Bug on Windows

I’ve received a bug report from a user. He’s running my code on 64 bit Windows 7 with Cuda 4.0, driver 275.33, and a Quadro FX 380M (which supports compute level 1.2). The kernel compiler fails with the following log:

ptxas application ptx input, line 128; error   : Instruction 'cvt' requires SM 1.3 or higher, or map_f64_to_f32 directive

ptxas application ptx input, line 129; error   : Instruction 'mov' requires SM 1.3 or higher, or map_f64_to_f32 directive

ptxas application ptx input, line 130; error   : Instruction 'div' requires SM 1.3 or higher, or map_f64_to_f32 directive

ptxas application ptx input, line 163; error   : Instruction 'cvt' requires SM 1.3 or higher, or map_f64_to_f32 directive

ptxas application ptx input, line 164; error   : Instruction 'cvt' requires SM 1.3 or higher, or map_f64_to_f32 directive

ptxas application ptx input, line 165; error   : Instruction 'cvt' requires SM 1.3 or higher, or map_f64_to_f32 directive

ptxas application ptx input, line 166; error   : Instruction 'cvt' requires SM 1.3 or higher, or map_f64_to_f32 directive

ptxas application ptx input, line 167; error   : Instruction 'mul' requires SM 1.3 or higher, or map_f64_to_f32 directive

ptxas application ptx input, line 168; error   : Instruction 'mul' requires SM 1.3 or higher, or map_f64_to_f32 directive

ptxas application ptx input, line 169; error   : Instruction 'mul' requires SM 1.3 or higher, or map_f64_to_f32 directive

ptxas application ptx input, line 170; error   : Instruction 'mul' requires SM 1.3 or higher, or map_f64_to_f32 directive

ptxas application ptx input, line 178; error   : Instruction 'cvt' requires SM 1.3 or higher, or map_f64_to_f32 directive

ptxas application ptx input, line 179; error   : Instruction 'cvt' requires SM 1.3 or higher, or map_f64_to_f32 directive

ptxas application ptx input, line 180; error   : Instruction 'cvt' requires SM 1.3 or higher, or map_f64_to_f32 directive

ptxas fatal   : Ptx assembly aborted due to errors

ptxas application ptx input, line 128; warning : Double is not supported. Demoting to float

It looks like the compiler is getting confused and generating 1.3 instructions on a device that only supports 1.2. It clearly realizes it shouldn’t do that, as seen from the last line: “Double is not supported. Demoting to float” But it does it anyway.

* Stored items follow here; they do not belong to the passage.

(* Let $X$ be the real harmonizable multifractional stable process and $T>0$. There exist $\delta,C_1,C_2>0$ such that for all $t,s\in[0,T]$ with $|t-s|<\delta$, $$C_1|t-s|^{\hat H(t,s)}\le\|X(t)-X(s)\|_\alpha\le C_2|t-s|^{\check H(t,s)},$$ where $\hat H(t,s)=\min_{u\in[s\wedge t,s\vee t]}H(u)$ and $\check H(t,s)=\max_{u\in[s\wedge t,s\vee t]}H(u)$.
   Context: Fix $\alpha\in(1,2)$. $M$ is an independently scattered rotationally invariant complex S$\alpha$S random measure on $\mathbb R$ with Lebesgue control measure: for every Borel $A$ and $\theta\in\mathbb R$, $e^{i\theta}M(A)\overset{d}{=}M(A)$, $\mathbb E e^{iu\,\mathrm{Re} M(A)}=e^{-\lambda(A)|u|^\alpha}$; values on disjoint Borel subsets of $[0,\infty)$ are independent; $M(-A)=\overline{M(A)}$. For $f$ with $f(-x)=\overline{f(x)}$, $f\in L^\alpha(\mathbb R)$, $\int f\,dM$ is real S$\alpha$S with $\mathbb E\exp(iu\int f dM)=\exp(-|u|^\alpha\|f\|^\alpha_{L^\alpha})$; $\|\xi\|_\alpha^\alpha:=-\log\mathbb Ee^{i\xi}$, so $\|\int f dM\|_\alpha=\|f\|_{L^\alpha}$. The Hurst function $H:[0,\infty)\to\mathbb R$ satisfies $0<\hat H:=\inf_t H(t)\le\sup_tH(t)=:\check H<1$, and there are $C>0$ and $\gamma>\check H$ with $|H(t)-H(s)|\le C|t-s|^\gamma$ for all $t,s\ge0$. The real harmonizable multifractional stable process (rhmsp) is $X(t)=\int_{\mathbb R}\frac{e^{itx}-1}{|x|^{1/\alpha+H(t)}}M(dx)$, $t\ge0$. *)

theory Defs
  imports "HOL-Analysis.Analysis"
begin

definition rhmsp_kernel :: "real \<Rightarrow> (real \<Rightarrow> real) \<Rightarrow> real \<Rightarrow> real \<Rightarrow> complex" where
  "rhmsp_kernel \<alpha> H t x =
     (exp (\<i> * complex_of_real (t * x)) - 1) / complex_of_real (\<bar>x\<bar> powr (1 / \<alpha> + H t))"

text \<open>Scale parameter of the real S-alpha-S variable X(t) - X(s) = \<integral> (f_t - f_s) dM,
  i.e. the L^alpha(Lebesgue) norm of f_t - f_s (the isometry stated in the context).\<close>
definition rhmsp_incr_norm :: "real \<Rightarrow> (real \<Rightarrow> real) \<Rightarrow> real \<Rightarrow> real \<Rightarrow> real" where
  "rhmsp_incr_norm \<alpha> H t s =
     (integral\<^sup>L lborel (\<lambda>x. cmod (rhmsp_kernel \<alpha> H t x - rhmsp_kernel \<alpha> H s x) powr \<alpha>)) powr (1 / \<alpha>)"

definition H_min :: "(real \<Rightarrow> real) \<Rightarrow> real \<Rightarrow> real \<Rightarrow> real" where
  "H_min H t s = (INF u\<in>{min s t..max s t}. H u)"

definition H_max :: "(real \<Rightarrow> real) \<Rightarrow> real \<Rightarrow> real \<Rightarrow> real" where
  "H_max H t s = (SUP u\<in>{min s t..max s t}. H u)"

end

theory Submission
  imports Defs "HOL-Probability.Characteristic_Functions"
begin

text \<open>
  Write f_t(x) = (e^{itx} - 1) |x|^{-1/alpha - H(t)} for the kernel of X(t), so that
  the alpha-th power of the scale parameter of X(t) - X(s) is the integral of |f_t - f_s|^alpha.
  Put h = t - s and split f_t - f_s = A + B with
    A = (e^{itx} - e^{isx}) |x|^{-1/alpha - H(t)},   |A| = |e^{ihx} - 1| |x|^{-1/alpha - H(t)},
    B = (e^{isx} - 1) (|x|^{-1/alpha - H(t)} - |x|^{-1/alpha - H(s)}).
  By the quasi-triangle inequality for the alpha-th power the moment of the increment is comparable
  to the integral of |A|^alpha up to the integral of |B|^alpha. The substitution x = y / h shows that
  the former equals |h|^{alpha H(t)} times a quantity bounded above and below, and perturbing the
  exponent gives a bound K |H(t) - H(s)|^alpha for the latter. Since H is gamma-Hoelder with
  gamma > sup H, the correction is negligible for small |h|, so the scale parameter is comparable
  to |t - s|^{H(t)}. Finally, between s and t the values of H stay within C |t - s|^gamma of H(t)
  and |t - s|^{-C |t - s|^gamma} is bounded, so H(t) may be replaced by the minimum respectively the
  maximum of H over the interval between s and t.
\<close>

definition chord :: "real \<Rightarrow> real" where
  "chord y = cmod (exp (\<i> * complex_of_real y) - 1)"

lemma chord_measurable [measurable]: "chord \<in> borel_measurable borel"
  unfolding chord_def by measurable

lemma chord_nonneg: "0 \<le> chord y"
  by (simp add: chord_def)

lemma chord_le_2: "chord y \<le> 2"
  unfolding chord_def using norm_triangle_ineq4[of "exp (\<i> * complex_of_real y)" 1] by simp

lemma chord_le_abs: "chord y \<le> \<bar>y\<bar>"
  unfolding chord_def using iexp_approx1[of y 0] by simp

lemma chord_ge_1:
  assumes "cos y \<le> 0"
  shows "1 \<le> chord y"
proof -
  have "Re (exp (\<i> * complex_of_real y) - 1) = cos y - 1"
    by (simp add: Re_exp)
  with abs_Re_le_cmod[of "exp (\<i> * complex_of_real y) - 1"] assms show ?thesis
    by (simp add: chord_def)
qed

lemma abs_exp_minus_one_le: "\<bar>exp w - 1\<bar> \<le> \<bar>w\<bar> * exp \<bar>w\<bar>" for w :: real
proof -
  have "1 - w \<le> exp (-w)" using exp_ge_add_one_self[of "-w"] by simp
  then have "exp w * (1 - w) \<le> exp w * exp (-w)" by (rule mult_left_mono) simp
  then have upper: "exp w - 1 \<le> w * exp w" by (simp add: exp_minus algebra_simps)
  have "w * exp w \<le> \<bar>w\<bar> * exp \<bar>w\<bar>"
    by (cases "w \<ge> 0") (auto intro: order_trans[of _ 0] simp: mult_nonpos_nonneg)
  moreover have "1 \<le> exp \<bar>w\<bar>" by simp
  then have "\<bar>w\<bar> \<le> \<bar>w\<bar> * exp \<bar>w\<bar>" using mult_left_mono[of 1 "exp \<bar>w\<bar>" "\<bar>w\<bar>"] by simp
  moreover have "1 + w \<le> exp w" by (rule exp_ge_add_one_self)
  ultimately show ?thesis using upper by linarith
qed

lemma powr_exponent_diff_le:
  fixes y a b e :: real
  assumes y: "y > 0" and e: "e > 0" and ab: "\<bar>a - b\<bar> \<le> e"
  shows "\<bar>y powr (-a) - y powr (-b)\<bar> \<le> \<bar>a - b\<bar> / e * (y powr (-b + 2*e) + y powr (-b - 2*e))"
proof -
  define L where "L = ln y"
  define w where "w = (b - a) * L"
  have eL: "e * \<bar>L\<bar> \<le> exp (e * \<bar>L\<bar>)"
    using exp_ge_add_one_self[of "e * \<bar>L\<bar>"] by linarith
  have w: "\<bar>w\<bar> \<le> e * \<bar>L\<bar>"
    using ab by (simp add: w_def abs_mult abs_minus_commute mult_right_mono)
  have "\<bar>exp w - 1\<bar> \<le> \<bar>a - b\<bar> / e * (e * \<bar>L\<bar>) * exp (e * \<bar>L\<bar>)"
  proof -
    have "\<bar>w\<bar> * exp \<bar>w\<bar> \<le> \<bar>a - b\<bar> * \<bar>L\<bar> * exp (e * \<bar>L\<bar>)"
      using w by (intro mult_mono) (auto simp: w_def abs_mult abs_minus_commute)
    then show ?thesis using abs_exp_minus_one_le[of w] e by simp
  qed
  also have "\<dots> \<le> \<bar>a - b\<bar> / e * exp (e * \<bar>L\<bar>) * exp (e * \<bar>L\<bar>)"
    using e eL by (intro mult_right_mono mult_left_mono) auto
  also have "\<dots> = \<bar>a - b\<bar> / e * exp (2*e*\<bar>L\<bar>)"
    by (simp add: mult.assoc flip: exp_add)
  also have "\<dots> \<le> \<bar>a - b\<bar> / e * (exp (2*e*L) + exp (-(2*e*L)))"
  proof (rule mult_left_mono)
    show "exp (2*e*\<bar>L\<bar>) \<le> exp (2*e*L) + exp (-(2*e*L))"
      by (cases "L \<ge> 0") auto
  qed (use e in simp)
  finally have bound: "\<bar>exp w - 1\<bar> \<le> \<bar>a - b\<bar> / e * (exp (2*e*L) + exp (-(2*e*L)))" .
  have "y powr (-a) - y powr (-b) = exp (-b*L) * (exp w - 1)"
    using y by (simp add: powr_def L_def w_def algebra_simps flip: exp_add)
  then have "\<bar>y powr (-a) - y powr (-b)\<bar> = exp (-b*L) * \<bar>exp w - 1\<bar>"
    by (simp add: abs_mult)
  also have "\<dots> \<le> exp (-b*L) * (\<bar>a - b\<bar> / e * (exp (2*e*L) + exp (-(2*e*L))))"
    using bound by (rule mult_left_mono) simp
  also have "\<dots> = \<bar>a - b\<bar> / e * (y powr (-b + 2*e) + y powr (-b - 2*e))"
    using y by (simp add: powr_def L_def algebra_simps flip: exp_add)
  finally show ?thesis .
qed

lemma integrable_powr_unit_interval:
  fixes p :: real
  assumes "p > -1"
  shows "integrable lborel (\<lambda>x::real. indicator {0..1} x * x powr p)"
proof -
  have "set_integrable lebesgue {0..1} (\<lambda>x::real. x powr p)"
    using assms by (intro nonnegative_absolutely_integrable_1 integrable_on_powr_from_0) auto
  then show ?thesis
    by (simp add: set_integrable_def integrable_completion)
qed

lemma integrable_powr_tail:
  fixes p :: real
  assumes "p < -1"
  shows "integrable lborel (\<lambda>x::real. indicator {1..} x * x powr p)"
proof -
  have "(\<lambda>x::real. x powr p) integrable_on {1..}"
    using has_integral_powr_to_inf[OF assms, of 1] by (auto simp: integrable_on_def)
  then have "set_integrable lebesgue {1..} (\<lambda>x::real. x powr p)"
    by (intro nonnegative_absolutely_integrable_1) auto
  then show ?thesis
    by (simp add: set_integrable_def integrable_completion)
qed

lemma integrable_bounded_by_multiple:
  fixes f g :: "'a \<Rightarrow> real"
  assumes "integrable M g" "f \<in> borel_measurable M" "\<And>x. 0 \<le> f x" "\<And>x. f x \<le> c * g x"
  shows "integrable M f" and "integral\<^sup>L M f \<le> c * integral\<^sup>L M g"
proof -
  have "integrable M (\<lambda>x. c * g x)" using assms(1) by simp
  then show f: "integrable M f"
  proof (rule Bochner_Integration.integrable_bound)
    show "AE x in M. norm (f x) \<le> norm (c * g x)"
      using assms(3,4) by (intro AE_I2) (metis abs_ge_self abs_of_nonneg order_trans real_norm_def)
  qed (use assms(2) in simp)
  have "integral\<^sup>L M f \<le> integral\<^sup>L M (\<lambda>x. c * g x)"
    using f assms by (intro integral_mono) auto
  then show "integral\<^sup>L M f \<le> c * integral\<^sup>L M g" by simp
qed

definition pole_weight :: "real \<Rightarrow> real \<Rightarrow> real \<Rightarrow> real" where
  "pole_weight a q x = (if \<bar>x\<bar> \<le> 1 then \<bar>x\<bar> powr (a - 1 - q) else \<bar>x\<bar> powr (-1 - q))"

lemma pole_weight_measurable [measurable]: "pole_weight a q \<in> borel_measurable borel"
  unfolding pole_weight_def by measurable

lemma pole_weight_nonneg: "0 \<le> pole_weight a q x"
  by (simp add: pole_weight_def)

text \<open>Near the origin the exponent a - 1 - q exceeds -1, at infinity -1 - q is below -1.\<close>

lemma pole_weight_integrable:
  assumes "0 < q" "q < a"
  shows "integrable lborel (pole_weight a q)"
proof -
  define P where "P x = indicator {0..1} x * x powr (a - 1 - q) + indicator {1..} x * x powr (-1 - q)"
    for x :: real
  have "integrable lborel P"
    unfolding P_def using assms
    by (intro Bochner_Integration.integrable_add integrable_powr_unit_interval integrable_powr_tail) auto
  then have P_reflected: "integrable lborel (\<lambda>x. P (0 + (-1) * x))"
    by (rule lborel_integrable_real_affine) simp
  have "integrable lborel (\<lambda>x. P x + P (0 + (-1) * x))"
    using \<open>integrable lborel P\<close> P_reflected by simp
  then show ?thesis
  proof (rule Bochner_Integration.integrable_bound)
    show "AE x in lborel. norm (pole_weight a q x) \<le> norm (P x + P (0 + (-1) * x))"
      by (intro AE_I2) (auto simp: pole_weight_def P_def indicator_def)
  qed simp
qed

lemma pole_weight_between:
  assumes "q1 \<le> q" "q \<le> q2"
  shows "pole_weight a q x \<le> pole_weight a q1 x + pole_weight a q2 x"
proof (cases "\<bar>x\<bar> \<le> 1")
  case True
  then have "\<bar>x\<bar> powr (a - 1 - q) \<le> \<bar>x\<bar> powr (a - 1 - q2)"
    using assms by (intro powr_mono') auto
  then show ?thesis
    using True by (simp add: pole_weight_def add_increasing)
next
  case False
  then have "\<bar>x\<bar> powr (- 1 - q) \<le> \<bar>x\<bar> powr (- 1 - q1)"
    using assms by (intro powr_mono) auto
  then show ?thesis
    using False by (simp add: pole_weight_def add_increasing2)
qed

text \<open>Using chord y <= |y| near the origin and chord y <= 2 at infinity.\<close>

lemma chord_powr_le_pole_weight:
  fixes h L x a q :: real
  assumes a: "a > 0" and hL: "\<bar>h\<bar> \<le> L"
  shows "chord (h * x) powr a * \<bar>x\<bar> powr (-1 - q) \<le> (L powr a + 2 powr a) * pole_weight a q x"
proof (cases "\<bar>x\<bar> \<le> 1")
  case True
  have L: "0 \<le> L" using hL by linarith
  have "chord (h * x) \<le> \<bar>h\<bar> * \<bar>x\<bar>"
    using chord_le_abs[of "h * x"] by (simp add: abs_mult)
  also have "\<dots> \<le> L * \<bar>x\<bar>"
    using hL by (rule mult_right_mono) simp
  finally have "chord (h * x) powr a \<le> (L * \<bar>x\<bar>) powr a"
    using a chord_nonneg by (intro powr_mono2) auto
  also have "\<dots> = L powr a * \<bar>x\<bar> powr a"
    using L by (simp add: powr_mult)
  finally have "chord (h * x) powr a * \<bar>x\<bar> powr (-1 - q) \<le> L powr a * (\<bar>x\<bar> powr a * \<bar>x\<bar> powr (-1 - q))"
    unfolding mult.assoc[symmetric] by (rule mult_right_mono) simp
  also have "\<dots> = L powr a * \<bar>x\<bar> powr (a - 1 - q)"
    using powr_add[of "\<bar>x\<bar>" a "-1 - q"] by (simp add: algebra_simps)
  also have "\<dots> \<le> (L powr a + 2 powr a) * \<bar>x\<bar> powr (a - 1 - q)"
    by (rule mult_right_mono) simp_all
  finally show ?thesis using True by (simp add: pole_weight_def)
next
  case False
  have "chord (h * x) powr a \<le> 2 powr a"
    using a chord_nonneg chord_le_2 by (intro powr_mono2) auto
  then have "chord (h * x) powr a \<le> L powr a + 2 powr a"
    by (simp add: add_increasing)
  then have "chord (h * x) powr a * \<bar>x\<bar> powr (-1 - q) \<le> (L powr a + 2 powr a) * \<bar>x\<bar> powr (-1 - q)"
    by (rule mult_right_mono) simp
  then show ?thesis using False by (simp add: pole_weight_def)
qed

Has anyone seen anything like this before? Any idea what I can do about it?

Peter

This will probably not help much, but doesn’t SM stand for Shader Model and aren’t you confusing that with the Compute Capability? You’re right that the Quadro FX 380M has Compute Capability 1.2, though.

I don’t believe that’s correct. CUDA generally uses the terms “compute capability” and “SM” as equivalent. For example, from section 3.1.2 of the CUDA C Programming Guide: “A cubin object is generated using the compiler option –code that specifies the targeted architecture: For example, compiling with –code=sm_13 produces binary code for devices of compute capability 1.3.” The reference to a “map_f64_to_f32 directive” also shows pretty clearly it’s a single vs. double precision issue.

Peter

Does anyone at Nvidia actually read this forum?

Peter

Quadro FX 380M not support Double-precision floating-point operations http://en.wikipedia.org/wiki/CUDA

Yes, I’m well aware of that. Yet the compiler appears to be generating double precision instructions for it anyway.

Peter